(Entries taken from a collection)
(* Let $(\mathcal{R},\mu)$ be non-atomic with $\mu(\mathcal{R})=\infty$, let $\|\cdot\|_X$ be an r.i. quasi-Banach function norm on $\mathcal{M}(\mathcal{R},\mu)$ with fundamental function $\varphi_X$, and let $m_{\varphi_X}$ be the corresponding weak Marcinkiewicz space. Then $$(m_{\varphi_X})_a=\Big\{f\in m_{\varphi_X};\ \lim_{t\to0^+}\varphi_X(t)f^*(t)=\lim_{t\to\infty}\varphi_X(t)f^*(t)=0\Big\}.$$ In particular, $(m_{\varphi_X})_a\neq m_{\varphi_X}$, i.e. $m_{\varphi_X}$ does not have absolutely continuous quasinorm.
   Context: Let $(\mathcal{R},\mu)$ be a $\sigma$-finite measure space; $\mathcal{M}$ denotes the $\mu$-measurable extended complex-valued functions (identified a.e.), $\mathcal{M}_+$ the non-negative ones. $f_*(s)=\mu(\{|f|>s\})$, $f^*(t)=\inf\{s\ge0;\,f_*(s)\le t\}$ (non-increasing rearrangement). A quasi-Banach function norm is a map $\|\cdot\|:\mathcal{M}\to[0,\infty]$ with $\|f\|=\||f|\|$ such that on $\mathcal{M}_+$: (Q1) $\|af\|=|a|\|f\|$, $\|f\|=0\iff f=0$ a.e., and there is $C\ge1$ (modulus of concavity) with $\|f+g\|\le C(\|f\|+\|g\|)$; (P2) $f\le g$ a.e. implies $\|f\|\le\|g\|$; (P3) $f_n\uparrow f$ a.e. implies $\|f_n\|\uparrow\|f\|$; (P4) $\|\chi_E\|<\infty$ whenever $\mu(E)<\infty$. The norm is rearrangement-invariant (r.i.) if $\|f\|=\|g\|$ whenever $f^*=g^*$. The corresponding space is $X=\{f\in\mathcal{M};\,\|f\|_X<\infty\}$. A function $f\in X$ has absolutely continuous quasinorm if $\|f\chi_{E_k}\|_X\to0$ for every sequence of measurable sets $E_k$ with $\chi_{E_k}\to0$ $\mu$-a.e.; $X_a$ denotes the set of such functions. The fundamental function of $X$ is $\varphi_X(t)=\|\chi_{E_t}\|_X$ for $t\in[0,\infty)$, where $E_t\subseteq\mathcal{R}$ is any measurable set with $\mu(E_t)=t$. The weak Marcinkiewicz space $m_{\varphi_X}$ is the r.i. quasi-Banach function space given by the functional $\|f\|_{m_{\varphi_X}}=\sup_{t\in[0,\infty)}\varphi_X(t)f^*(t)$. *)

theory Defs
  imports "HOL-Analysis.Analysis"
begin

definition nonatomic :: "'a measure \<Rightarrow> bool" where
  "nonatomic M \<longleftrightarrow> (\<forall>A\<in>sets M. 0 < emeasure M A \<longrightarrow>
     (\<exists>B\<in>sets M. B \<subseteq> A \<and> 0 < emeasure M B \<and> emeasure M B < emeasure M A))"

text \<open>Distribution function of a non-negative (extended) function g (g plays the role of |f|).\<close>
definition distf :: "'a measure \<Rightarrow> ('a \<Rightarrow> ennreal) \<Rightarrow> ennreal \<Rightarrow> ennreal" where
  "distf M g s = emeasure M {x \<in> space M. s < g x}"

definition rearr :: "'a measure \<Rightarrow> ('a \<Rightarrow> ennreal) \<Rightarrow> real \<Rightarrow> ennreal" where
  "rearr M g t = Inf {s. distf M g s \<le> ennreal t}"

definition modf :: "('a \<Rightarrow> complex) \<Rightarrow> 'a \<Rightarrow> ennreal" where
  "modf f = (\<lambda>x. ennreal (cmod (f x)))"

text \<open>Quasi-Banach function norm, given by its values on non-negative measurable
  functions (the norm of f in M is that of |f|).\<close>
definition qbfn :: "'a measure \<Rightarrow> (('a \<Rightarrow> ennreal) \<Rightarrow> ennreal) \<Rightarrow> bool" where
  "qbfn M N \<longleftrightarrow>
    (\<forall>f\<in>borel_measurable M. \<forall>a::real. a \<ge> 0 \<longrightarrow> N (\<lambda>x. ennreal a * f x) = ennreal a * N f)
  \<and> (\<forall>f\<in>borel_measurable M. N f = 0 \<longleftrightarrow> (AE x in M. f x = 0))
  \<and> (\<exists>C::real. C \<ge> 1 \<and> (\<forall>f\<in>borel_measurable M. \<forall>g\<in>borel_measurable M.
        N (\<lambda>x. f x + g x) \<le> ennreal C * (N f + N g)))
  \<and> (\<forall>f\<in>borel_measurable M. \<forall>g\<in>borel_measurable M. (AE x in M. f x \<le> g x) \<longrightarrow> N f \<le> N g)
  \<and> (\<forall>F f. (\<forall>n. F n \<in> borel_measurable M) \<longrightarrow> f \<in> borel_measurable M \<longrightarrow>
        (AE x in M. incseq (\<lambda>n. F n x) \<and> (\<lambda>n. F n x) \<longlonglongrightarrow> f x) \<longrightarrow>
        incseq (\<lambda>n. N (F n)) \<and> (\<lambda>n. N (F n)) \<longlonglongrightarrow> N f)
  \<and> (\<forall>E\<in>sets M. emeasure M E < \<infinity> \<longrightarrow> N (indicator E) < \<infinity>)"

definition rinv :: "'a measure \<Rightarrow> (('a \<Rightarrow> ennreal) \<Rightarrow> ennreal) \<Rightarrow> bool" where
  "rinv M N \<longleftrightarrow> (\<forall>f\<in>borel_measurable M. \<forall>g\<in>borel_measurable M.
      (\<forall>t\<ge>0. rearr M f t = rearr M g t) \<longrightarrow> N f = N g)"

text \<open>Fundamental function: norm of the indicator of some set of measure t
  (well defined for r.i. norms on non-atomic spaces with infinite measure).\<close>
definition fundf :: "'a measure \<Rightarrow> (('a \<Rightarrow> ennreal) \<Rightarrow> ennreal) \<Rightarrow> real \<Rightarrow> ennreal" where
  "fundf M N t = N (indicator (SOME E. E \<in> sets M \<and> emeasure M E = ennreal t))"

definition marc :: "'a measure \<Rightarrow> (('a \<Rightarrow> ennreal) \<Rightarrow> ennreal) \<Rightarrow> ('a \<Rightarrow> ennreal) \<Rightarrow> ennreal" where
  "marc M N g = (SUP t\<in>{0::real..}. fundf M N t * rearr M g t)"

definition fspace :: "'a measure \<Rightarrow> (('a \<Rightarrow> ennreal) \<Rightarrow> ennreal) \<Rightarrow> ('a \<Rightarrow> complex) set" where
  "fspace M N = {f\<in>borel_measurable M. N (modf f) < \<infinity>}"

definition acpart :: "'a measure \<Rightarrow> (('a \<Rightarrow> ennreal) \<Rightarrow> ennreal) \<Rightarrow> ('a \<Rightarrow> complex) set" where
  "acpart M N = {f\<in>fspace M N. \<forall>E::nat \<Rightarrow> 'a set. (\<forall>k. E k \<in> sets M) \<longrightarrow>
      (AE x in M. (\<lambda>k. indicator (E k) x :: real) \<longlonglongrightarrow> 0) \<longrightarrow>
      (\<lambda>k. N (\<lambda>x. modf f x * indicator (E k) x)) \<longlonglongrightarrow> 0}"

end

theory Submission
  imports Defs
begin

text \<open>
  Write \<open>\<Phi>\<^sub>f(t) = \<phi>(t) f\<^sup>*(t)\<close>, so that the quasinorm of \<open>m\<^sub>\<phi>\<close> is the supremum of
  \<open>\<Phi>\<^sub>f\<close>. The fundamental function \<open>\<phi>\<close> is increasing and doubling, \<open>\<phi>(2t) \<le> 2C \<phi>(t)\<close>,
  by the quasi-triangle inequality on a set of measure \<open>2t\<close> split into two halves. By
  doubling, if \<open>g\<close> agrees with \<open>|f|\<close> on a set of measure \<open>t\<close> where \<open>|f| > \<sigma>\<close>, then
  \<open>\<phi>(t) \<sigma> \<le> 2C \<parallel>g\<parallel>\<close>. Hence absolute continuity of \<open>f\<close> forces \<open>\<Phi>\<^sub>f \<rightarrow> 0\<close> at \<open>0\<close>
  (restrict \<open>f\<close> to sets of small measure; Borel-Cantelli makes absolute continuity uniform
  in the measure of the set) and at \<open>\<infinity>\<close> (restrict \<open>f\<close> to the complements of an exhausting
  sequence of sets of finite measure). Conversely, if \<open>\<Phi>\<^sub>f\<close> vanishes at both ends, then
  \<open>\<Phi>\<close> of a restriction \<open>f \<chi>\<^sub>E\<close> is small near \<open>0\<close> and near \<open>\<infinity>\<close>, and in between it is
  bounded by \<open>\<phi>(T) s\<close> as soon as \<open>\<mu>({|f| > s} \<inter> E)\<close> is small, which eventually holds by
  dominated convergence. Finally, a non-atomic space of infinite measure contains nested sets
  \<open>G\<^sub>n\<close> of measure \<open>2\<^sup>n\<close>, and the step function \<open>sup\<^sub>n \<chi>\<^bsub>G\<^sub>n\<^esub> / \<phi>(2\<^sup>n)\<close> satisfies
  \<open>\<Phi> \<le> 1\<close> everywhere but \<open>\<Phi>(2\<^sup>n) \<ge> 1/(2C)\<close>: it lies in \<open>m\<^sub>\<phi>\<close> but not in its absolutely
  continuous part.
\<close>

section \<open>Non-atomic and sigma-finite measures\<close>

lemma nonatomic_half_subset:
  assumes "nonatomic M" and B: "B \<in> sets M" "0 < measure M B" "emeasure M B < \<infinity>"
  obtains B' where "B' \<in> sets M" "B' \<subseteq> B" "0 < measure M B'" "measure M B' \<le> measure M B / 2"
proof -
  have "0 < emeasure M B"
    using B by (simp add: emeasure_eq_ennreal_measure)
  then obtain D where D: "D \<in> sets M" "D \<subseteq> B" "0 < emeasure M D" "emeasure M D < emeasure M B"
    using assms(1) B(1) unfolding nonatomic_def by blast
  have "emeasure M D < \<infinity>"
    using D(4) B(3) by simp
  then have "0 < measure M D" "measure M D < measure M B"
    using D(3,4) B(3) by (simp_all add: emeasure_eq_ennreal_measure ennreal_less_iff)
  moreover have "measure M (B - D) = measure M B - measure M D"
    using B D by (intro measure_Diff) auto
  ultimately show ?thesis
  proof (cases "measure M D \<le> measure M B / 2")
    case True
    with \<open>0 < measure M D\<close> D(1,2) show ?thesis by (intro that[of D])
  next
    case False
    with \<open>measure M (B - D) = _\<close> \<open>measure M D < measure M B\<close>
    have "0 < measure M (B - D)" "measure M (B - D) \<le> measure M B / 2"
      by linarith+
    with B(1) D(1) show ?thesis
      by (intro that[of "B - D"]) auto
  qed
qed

---

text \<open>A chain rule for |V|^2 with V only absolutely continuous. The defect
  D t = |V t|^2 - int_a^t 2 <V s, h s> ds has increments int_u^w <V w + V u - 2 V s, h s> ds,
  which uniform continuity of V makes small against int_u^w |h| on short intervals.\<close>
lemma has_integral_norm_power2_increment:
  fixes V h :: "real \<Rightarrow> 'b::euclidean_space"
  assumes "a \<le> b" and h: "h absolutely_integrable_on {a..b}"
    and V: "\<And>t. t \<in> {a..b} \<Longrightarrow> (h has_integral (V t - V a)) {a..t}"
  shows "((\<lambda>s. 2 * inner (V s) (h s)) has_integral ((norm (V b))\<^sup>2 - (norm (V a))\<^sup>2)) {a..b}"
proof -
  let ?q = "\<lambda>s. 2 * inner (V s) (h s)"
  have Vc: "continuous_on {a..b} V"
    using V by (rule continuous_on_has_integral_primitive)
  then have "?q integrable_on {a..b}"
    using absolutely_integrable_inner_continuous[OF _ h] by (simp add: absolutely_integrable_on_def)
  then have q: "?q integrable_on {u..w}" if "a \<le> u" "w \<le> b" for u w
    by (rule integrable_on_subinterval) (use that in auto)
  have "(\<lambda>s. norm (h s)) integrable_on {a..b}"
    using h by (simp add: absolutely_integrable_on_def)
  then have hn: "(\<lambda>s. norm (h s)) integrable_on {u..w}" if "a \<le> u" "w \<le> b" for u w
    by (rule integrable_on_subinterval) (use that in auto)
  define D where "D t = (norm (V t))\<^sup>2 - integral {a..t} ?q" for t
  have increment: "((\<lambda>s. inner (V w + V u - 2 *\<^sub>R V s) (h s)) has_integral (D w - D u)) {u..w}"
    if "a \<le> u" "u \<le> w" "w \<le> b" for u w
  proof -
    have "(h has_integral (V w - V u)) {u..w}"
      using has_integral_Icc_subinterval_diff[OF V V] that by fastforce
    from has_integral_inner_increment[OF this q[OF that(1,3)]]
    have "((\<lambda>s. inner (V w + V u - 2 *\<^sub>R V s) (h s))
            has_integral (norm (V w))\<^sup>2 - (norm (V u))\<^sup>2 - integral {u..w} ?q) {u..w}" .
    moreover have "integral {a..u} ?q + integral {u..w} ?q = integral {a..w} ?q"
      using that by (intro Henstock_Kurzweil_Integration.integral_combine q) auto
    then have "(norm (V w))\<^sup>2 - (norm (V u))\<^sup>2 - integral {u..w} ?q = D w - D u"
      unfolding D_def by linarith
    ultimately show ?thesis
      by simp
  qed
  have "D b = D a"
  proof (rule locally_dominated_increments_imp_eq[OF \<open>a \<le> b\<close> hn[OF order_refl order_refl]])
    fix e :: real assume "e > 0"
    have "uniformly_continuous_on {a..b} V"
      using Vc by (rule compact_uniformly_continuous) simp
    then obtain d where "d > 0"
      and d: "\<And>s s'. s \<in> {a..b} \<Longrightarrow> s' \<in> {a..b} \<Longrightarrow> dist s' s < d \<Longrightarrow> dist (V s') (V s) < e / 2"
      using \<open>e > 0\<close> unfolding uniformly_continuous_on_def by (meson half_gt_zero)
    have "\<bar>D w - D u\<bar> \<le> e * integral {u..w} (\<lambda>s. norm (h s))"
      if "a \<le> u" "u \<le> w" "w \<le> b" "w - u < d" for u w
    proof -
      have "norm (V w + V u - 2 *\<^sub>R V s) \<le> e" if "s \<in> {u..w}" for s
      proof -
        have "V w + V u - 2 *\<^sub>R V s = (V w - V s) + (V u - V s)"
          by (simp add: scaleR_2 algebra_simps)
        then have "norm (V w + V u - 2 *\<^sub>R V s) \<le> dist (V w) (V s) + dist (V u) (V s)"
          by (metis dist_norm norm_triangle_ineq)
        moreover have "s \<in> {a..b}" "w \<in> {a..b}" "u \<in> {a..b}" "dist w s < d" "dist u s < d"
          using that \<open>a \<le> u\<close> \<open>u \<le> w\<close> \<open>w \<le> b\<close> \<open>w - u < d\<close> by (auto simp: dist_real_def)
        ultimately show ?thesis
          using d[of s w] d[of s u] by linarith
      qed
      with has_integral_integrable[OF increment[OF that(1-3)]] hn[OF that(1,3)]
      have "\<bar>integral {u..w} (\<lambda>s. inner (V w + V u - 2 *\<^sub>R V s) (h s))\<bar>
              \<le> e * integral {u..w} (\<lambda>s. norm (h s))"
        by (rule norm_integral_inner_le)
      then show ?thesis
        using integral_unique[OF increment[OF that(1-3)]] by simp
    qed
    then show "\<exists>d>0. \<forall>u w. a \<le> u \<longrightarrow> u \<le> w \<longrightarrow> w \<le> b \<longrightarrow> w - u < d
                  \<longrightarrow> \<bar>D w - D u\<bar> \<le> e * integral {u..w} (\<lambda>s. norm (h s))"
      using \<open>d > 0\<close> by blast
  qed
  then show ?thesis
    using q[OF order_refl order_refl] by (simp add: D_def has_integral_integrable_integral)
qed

■ **Exercise prompt**:
From the entries above, extract each line containing "blast".

■ **Completed task**:
    using assms(1) B(1) unfolding nonatomic_def by blast
      using \<open>d > 0\<close> by blast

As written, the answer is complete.